The mere social and political virtues are made for this world. Here they have their origin, their use, and their reward. All the motives to various practice, not derived from the hope of future blessedness, will be inefficient. There is a powerful obligation to " perfect holiness" to those who do not perfect it in the fear of God." Grace will not thrive abundantly in that heart which does not believe it to be the seed of glory.

The moralist of our apostle is not merely a man possessed of agreeable qualities, of some social and civil virtues, of generosity and good nature, qualities excellent as far as they go, and which, as a means to the good order of society, can scarcely be too much valued; but these qualities a man may possess, without having the love of God shed abroad in his heart, without desiring "to live for him who died for him." Such qualities will gain him credit, but that very credit may endanger his salvation, if worldly esteem make him rest satisfied, without the "honor which cometh from God." The purity, sublimity, and consistency of St. Paul's requirements, every where manifest that his moral man is not merely a disciple of Antoninus or Epictetus, but a liege subject of the Messiah's spiritual kingdom

Paul shows, that the humbling doctrines of the cross are so far from lowering the tone of moral obligation, that they raise the standard of practical virtue to an elevation totally unknown under any other mode of instruction. But there is a tendency in the heart of man, in his natural state, to rebel against these doctrines, even while he professes himself an advocate for virtue; to set up the virtue which he presumes that he possesses, against religion, to which he is chiefly hostile for the very elevation which it gives to virtue: this, more than the doctrines, and even than the mysteries of revelation, is the real cause of his hostility.

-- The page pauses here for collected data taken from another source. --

(* Let $H=(Q,\pi,f_0,f_1)$ satisfy Assumptions A1 and A2 and assume that the distribution function of $(f_1/f_0)(X_1)$ is continuous and strictly increasing. Then the function $m(\lambda)=E[\ell_i^\infty(X)\mid\ell_i^\infty(X)<\lambda]$ is continuous and strictly increasing on $(0,1)$, and $m(\lambda)<\lambda$ for all $\lambda\in(0,1)$.
   Context: Two-state HMM: $\mu$ Lebesgue on $\mathbb R$ or counting on $\mathbb Z$; under $\Pi_H$, $(\theta_n)$ is a Markov chain on $\{0,1\}$ with transition matrix $Q$ and initial law $\pi$, and given $\theta$ the $X_n$ are independent with $\mu$-densities $f_{\theta_n}$. Assumption A1: (i) some $\nu>0$ has $\max_jE_{X\sim f_j}|X|^\nu<\infty$; (ii) some $x^*\in\mathbb R\cup\{\pm\infty\}$ has $f_1/f_0\to\infty$ as $x\uparrow x^*$ or as $x\downarrow x^*$ (conventions $1/0=\infty,0/0=0$). Assumption A2: $Q$ has distinct rows, $\min_{ij}Q_{ij}>0$, and $\pi$ is invariant for $Q$. $\ell_i^\infty(X)=\Pi_H(\theta_i=0\mid(X_n)_{n\in\mathbb Z})$ for the bi-infinite stationary HMM $(X_n,\theta_n)_{n\in\mathbb Z}$; by stationarity $m$ does not depend on $i$. *)

theory Defs
  imports "HOL-Probability.Probability"
begin

definition int_counting :: "real measure" where
  "int_counting = distr (count_space UNIV) borel real_of_int"

definition ref_measure :: "real measure \<Rightarrow> real set \<Rightarrow> bool" where
  "ref_measure \<mu> D \<longleftrightarrow> (\<mu> = lborel \<and> D = UNIV) \<or> (\<mu> = int_counting \<and> D = \<int>)"

definition densities :: "real measure \<Rightarrow> (nat \<Rightarrow> real \<Rightarrow> real) \<Rightarrow> bool" where
  "densities \<mu> f \<longleftrightarrow> (\<forall>j\<in>{0,1}. f j \<in> borel_measurable borel \<and> (\<forall>x. f j x \<ge> 0)
      \<and> (\<integral>\<^sup>+x. ennreal (f j x) \<partial>\<mu>) = 1)"

definition lr :: "(nat \<Rightarrow> real \<Rightarrow> real) \<Rightarrow> real \<Rightarrow> ereal" where
  "lr f x = (if f 0 x = 0 then (if f 1 x = 0 then 0 else \<infinity>) else ereal (f 1 x / f 0 x))"

definition A1 :: "real measure \<Rightarrow> real set \<Rightarrow> (nat \<Rightarrow> real \<Rightarrow> real) \<Rightarrow> bool" where
  "A1 \<mu> D f \<longleftrightarrow>
     (\<exists>\<nu>>0. \<forall>j\<in>{0,1}. (\<integral>\<^sup>+x. ennreal (\<bar>x\<bar> powr \<nu> * f j x) \<partial>\<mu>) < \<infinity>) \<and>
     (\<exists>F. (F = at_top \<or> F = at_bot \<or> (\<exists>c. F = at_left c \<or> F = at_right c)) \<and>
          inf F (principal D) \<noteq> bot \<and>
          ((\<lambda>x. lr f x) \<longlongrightarrow> \<infinity>) (inf F (principal D)))"

definition A2 :: "(nat \<Rightarrow> nat \<Rightarrow> real) \<Rightarrow> (nat \<Rightarrow> real) \<Rightarrow> bool" where
  "A2 Q \<pi> \<longleftrightarrow>
     (\<forall>i\<in>{0,1}. Q i 0 + Q i 1 = 1) \<and>
     (\<forall>i\<in>{0,1}. \<forall>j\<in>{0,1}. Q i j > 0) \<and>
     (Q 0 0, Q 0 1) \<noteq> (Q 1 0, Q 1 1) \<and>
     \<pi> 0 \<ge> 0 \<and> \<pi> 1 \<ge> 0 \<and> \<pi> 0 + \<pi> 1 = 1 \<and>
     (\<forall>j\<in>{0,1}. \<pi> j = \<pi> 0 * Q 0 j + \<pi> 1 * Q 1 j)"

text \<open>(theta_n, X_n)_{n in Z} on the probability space M is the bi-infinite stationary HMM:
all finite-window joint laws are those of the HMM with parameters (Q, pi, f_0, f_1).\<close>
definition stationary_hmm ::
  "'w measure \<Rightarrow> real measure \<Rightarrow> (nat \<Rightarrow> nat \<Rightarrow> real) \<Rightarrow> (nat \<Rightarrow> real) \<Rightarrow>
   (nat \<Rightarrow> real \<Rightarrow> real) \<Rightarrow> (int \<Rightarrow> 'w \<Rightarrow> nat) \<Rightarrow> (int \<Rightarrow> 'w \<Rightarrow> real) \<Rightarrow> bool" where
  "stationary_hmm M \<mu> Q \<pi> f \<theta> X \<longleftrightarrow>
     prob_space M \<and>
     (\<forall>n. \<theta> n \<in> measurable M (count_space UNIV)) \<and>
     (\<forall>n. X n \<in> borel_measurable M) \<and>
     (\<forall>a b (s::int \<Rightarrow> nat) (B::int \<Rightarrow> real set).
        a \<le> b \<longrightarrow> (\<forall>n\<in>{a..b}. s n \<in> {0,1} \<and> B n \<in> sets borel) \<longrightarrow>
        emeasure M {\<omega>\<in>space M. \<forall>n\<in>{a..b}. \<theta> n \<omega> = s n \<and> X n \<omega> \<in> B n}
        = ennreal (\<pi> (s a) * (\<Prod>n\<in>{a..<b}. Q (s n) (s (n + 1))))
          * (\<Prod>n\<in>{a..b}. \<integral>\<^sup>+x\<in>B n. ennreal (f (s n) x) \<partial>\<mu>))"

definition obs_algebra :: "'w measure \<Rightarrow> (int \<Rightarrow> 'w \<Rightarrow> real) \<Rightarrow> 'w measure" where
  "obs_algebra M X = vimage_algebra (space M) (\<lambda>\<omega> n. X n \<omega>) (Pi\<^sub>M UNIV (\<lambda>_. borel))"

definition ell_inf :: "'w measure \<Rightarrow> (int \<Rightarrow> 'w \<Rightarrow> nat) \<Rightarrow> (int \<Rightarrow> 'w \<Rightarrow> real) \<Rightarrow> int \<Rightarrow> 'w \<Rightarrow> real" where
  "ell_inf M \<theta> X i = real_cond_exp M (obs_algebra M X)
      (indicator {\<omega>\<in>space M. \<theta> i \<omega> = 0})"

definition cond_mean_below :: "'w measure \<Rightarrow> ('w \<Rightarrow> real) \<Rightarrow> real \<Rightarrow> real" where
  "cond_mean_below M L t =
     (\<integral>\<omega>. L \<omega> * indicator {\<omega>\<in>space M. L \<omega> < t} \<omega> \<partial>M)
       / measure M {\<omega>\<in>space M. L \<omega> < t}"

definition lr_cdf :: "'w measure \<Rightarrow> (nat \<Rightarrow> real \<Rightarrow> real) \<Rightarrow> (int \<Rightarrow> 'w \<Rightarrow> real) \<Rightarrow> real \<Rightarrow> real" where
  "lr_cdf M f X t = measure M {\<omega>\<in>space M. lr f (X 1 \<omega>) \<le> ereal t}"

end

theory Submission
  imports Defs
begin

(* Let W be the observation sequence with X i replaced by 0. Given the hidden state theta i = j,
   X i is independent of W and has density f j, so the posterior probability of state 0 is
     q0(W) f0(X i) / (q0(W) f0(X i) + q1(W) f1(X i)),
   where q j(W) = P(theta i = j | W) are Radon-Nikodym derivatives. On a level set of this
   posterior the likelihood ratio (f1/f0)(X i) is a function of W, so the continuity of its
   distribution function leaves no atoms in (0,1). Exchanging the state at i only rescales the
   weight of each hidden path by a positive transition ratio, so the law of W given theta i = 0
   is absolutely continuous w.r.t. the law given theta i = 1; hence q0 and q1 are positive together
   with positive probability, and strict monotonicity of the distribution function puts mass on
   every subinterval of (0,1). For a [0,1]-valued Y with these two properties,
   t \<mapsto> E[Y | Y < t] is continuous, strictly increasing and below t. *)

section \<open>Conditional means below a level\<close>

lemma (in finite_measure) integrable_bounded_mult_indicator:
  fixes h :: "'a \<Rightarrow> real"
  assumes "S \<in> sets M" "h \<in> borel_measurable M" "\<And>x. x \<in> space M \<Longrightarrow> \<bar>h x\<bar> \<le> B"
  shows "integrable M (\<lambda>x. h x * indicator S x)"
proof (rule integrable_const_bound[where B="\<bar>B\<bar>"])
  show "AE x in M. norm (h x * indicator S x) \<le> \<bar>B\<bar>"
    using assms(3) by (intro AE_I2) (fastforce simp: indicator_def)
qed (use assms(1,2) in measurable)

lemma (in prob_space) cond_mean_below_cong_AE:
  assumes [measurable]: "Y \<in> borel_measurable M" "Y' \<in> borel_measurable M"
    and eq: "AE x in M. Y x = Y' x"
  shows "cond_mean_below M Y = cond_mean_below M Y'"
proof
  fix t
  have "measure M {x\<in>space M. Y x < t} = measure M {x\<in>space M. Y' x < t}"
    using eq by (intro measure_eq_AE) (auto elim: eventually_mono)
  moreover have "(\<integral>x. Y x * indicator {x\<in>space M. Y x < t} x \<partial>M)
      = (\<integral>x. Y' x * indicator {x\<in>space M. Y' x < t} x \<partial>M)"
    using eq by (intro integral_cong_AE) (auto elim!: eventually_mono simp: indicator_def)
  ultimately show "cond_mean_below M Y t = cond_mean_below M Y' t"
    unfolding cond_mean_below_def by simp
qed
lemma link_gains_negative:
  assumes cl: "b 1 - b 2 + gam * (3 * b 2 - b 3) < c"
  shows "b 1 - c - b 2 + gam * b 2 < 0" "b 1 - b 2 - c + 2 * gam * (b 2 - b 3) < 0"
    "b 1 - c - b 2 + gam * (3 * b 2 - b 3) < 0"
proof -
  have b2: "0 < b 2" and b3: "0 < b 3" using b_positive by auto
  have "b (Suc 2) < b 2" using b_dec[rule_format, of 2] by simp
  then have b23: "b 3 < b 2" by simp
  have "gam * b 2 \<le> gam * (3 * b 2 - b 3)" using gam_nonneg b23 b3 by (intro mult_left_mono) auto
  then show "b 1 - c - b 2 + gam * b 2 < 0" using cl by linarith
  have "2 * gam * (b 2 - b 3) \<le> gam * (3 * b 2 - b 3)"
  proof -
    have "gam * (3 * b 2 - b 3) - 2 * gam * (b 2 - b 3) = gam * (b 2 + b 3)" by (simp add: algebra_simps)
    moreover have "0 \<le> gam * (b 2 + b 3)" using gam_nonneg b2 b3 by simp
    ultimately show ?thesis by linarith
  qed
  then show "b 1 - b 2 - c + 2 * gam * (b 2 - b 3) < 0" using cl by linarith
  show "b 1 - c - b 2 + gam * (3 * b 2 - b 3) < 0" using cl by linarith
qed

lemma util_insert_far_gt:
  assumes fin: "finite N" and E: "links_within N g" and iN: "i \<in> N" and kN: "k \<in> N" and ik: "i \<noteq> k"
    and ng: "{i, k} \<notin> g" and nc: "\<not> (\<exists>m. nbr g i m \<and> nbr g m k)" and ch: "c < b 1 - b 3"
  shows "util b c gam N g i < util b c gam N (insert {i, k} g) i"
proof -
  have nn: "\<not> nbr g i k" using ng unfolding nbr_def by simp
  have "reach_value b gam N g i k \<le> b 3"
  proof (cases "joined g i k")
    case True
    have "3 \<le> gdist g i k" by (rule gdist_ge3[OF True ik nn nc])
    then have "b (gdist g i k) \<le> b 3" using b_antimono by simp
    then show ?thesis using reach_value_le[OF ik[symmetric] True, of N] by simp
  next
    case False
    then show ?thesis unfolding reach_value_def using b_positive[of 3] by simp
  qed
  then show ?thesis using util_insert_ge[OF fin iN kN ik ng E, where c = c] ch by simp
qed

end

section \<open>The bipartite network with an entrant\<close>

text \<open>The networks visited after an entry: the previous network K(Y, Z) plus the newcomer x
  linked to a set S \<subseteq> Y of anchors.\<close>
definition entrant_net :: "nat set \<Rightarrow> nat set \<Rightarrow> nat \<Rightarrow> nat set \<Rightarrow> network" where
  "entrant_net Y Z x S = {{a, bb} | a bb. a \<in> Y \<and> bb \<in> Z} \<union> {{x, s} | s. s \<in> S}"

lemma exists_other_elem: "finite Z \<Longrightarrow> 2 \<le> card Z \<Longrightarrow> \<exists>z\<in>Z. z \<noteq> v"
proof (rule ccontr)
  assume "finite Z" "2 \<le> card Z" "\<not> (\<exists>z\<in>Z. z \<noteq> v)"
  then have "Z \<subseteq> {v}" by auto
  then have "card Z \<le> 1" using card_mono[of "{v}" Z] by simp
  then show False using \<open>2 \<le> card Z\<close> by simp
qed

locale entrant_setting = benefit_params +
  fixes Y Z :: "nat set" and x :: nat and N :: "nat set"
  assumes YZ_disj: "Y \<inter> Z = {}" and x_notin_Y: "x \<notin> Y" and x_notin_Z: "x \<notin> Z" and N_def: "N = insert x (Y \<union> Z)"
    and finite_N: "finite N" and entrant_greatest: "\<forall>a\<in>Y \<union> Z. a < x"
begin

lemma finite_Y: "finite Y" and finite_Z: "finite Z"
  using finite_N N_def by auto

lemma nbr_entrant_net:
  assumes "S \<subseteq> Y"
  shows "nbr (entrant_net Y Z x S) a bb \<longleftrightarrow> (a \<in> Y \<and> bb \<in> Z) \<or> (a \<in> Z \<and> bb \<in> Y) \<or> (a = x \<and> bb \<in> S) \<or> (a \<in> S \<and> bb = x)"
proof
  assume "nbr (entrant_net Y Z x S) a bb"
  then have ab: "a \<noteq> bb" "{a, bb} \<in> entrant_net Y Z x S" unfolding nbr_def by auto
  then show "(a \<in> Y \<and> bb \<in> Z) \<or> (a \<in> Z \<and> bb \<in> Y) \<or> (a = x \<and> bb \<in> S) \<or> (a \<in> S \<and> bb = x)"
    unfolding entrant_net_def by (auto simp: doubleton_eq_iff)
next
  assume h: "(a \<in> Y \<and> bb \<in> Z) \<or> (a \<in> Z \<and> bb \<in> Y) \<or> (a = x \<and> bb \<in> S) \<or> (a \<in> S \<and> bb = x)"
  then have "a \<noteq> bb" using YZ_disj x_notin_Y assms by auto
  moreover have "{a, bb} \<in> entrant_net Y Z x S" using h unfolding entrant_net_def by (auto simp: insert_commute)
  ultimately show "nbr (entrant_net Y Z x S) a bb" unfolding nbr_def by simp
qed

lemma links_within_entrant_net: "S \<subseteq> Y \<Longrightarrow> links_within N (entrant_net Y Z x S)"
  unfolding links_within_def using nbr_entrant_net N_def by auto

lemma bipartite_by_entrant_net: "S \<subseteq> Y \<Longrightarrow> bipartite_by (\<lambda>a. a \<in> Y) (entrant_net Y Z x S)"
  unfolding bipartite_by_def using nbr_entrant_net YZ_disj x_notin_Y by auto

lemma entrant_net_insert: "entrant_net Y Z x (insert u S) = insert {x, u} (entrant_net Y Z x S)"
  unfolding entrant_net_def by auto

lemma le_entrant: "a \<in> N \<Longrightarrow> a \<le> x"
proof -
  assume "a \<in> N"
  then have "a = x \<or> a \<in> Y \<union> Z" using N_def by simp
  then show ?thesis using entrant_greatest less_imp_le by blast
qed

lemma node_pairsE:
  assumes "q \<in> node_pairs N"
  obtains a bb where "q = (a, bb)" "a \<in> N" "bb \<in> N" "a < bb" "a \<noteq> x"
proof -
  obtain a bb where q: "q = (a, bb)" by (cases q)
  then have "a \<in> N" "bb \<in> N" "a < bb" using assms unfolding node_pairs_def by auto
  moreover have "a \<noteq> x" using le_entrant[of bb] calculation by simp
  ultimately show ?thesis using that q by blast
qed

We have known persons, when pressed on the peculiar doctrines of the Gospel, think to get rid of the argument, by declaring that they did not pretend to understand St. Paul; that, for their part, they were quite satisfied with

Micah's religion: "To do justly, love mercy, and walk humbly with thy God," was enough for them. In what they call this comfortable, and reasonable, and practicable scheme of religion, they are little aware what strictness is involved, what integrity, what charity, what holiness. They little think how nearly the prophet's religion approached that of the apostle. There is in fact no difference between them, but such as necessarily arises out of the two dispensations under which they lived. To walk humbly with God, we must believe in the revelation of his Son, and consequently adopt the principle he enjoins: we must adopt every doctrine, and believe every mystery. To walk humbly with God, is a principle which stretches to the bounds of the whole universe of revelation.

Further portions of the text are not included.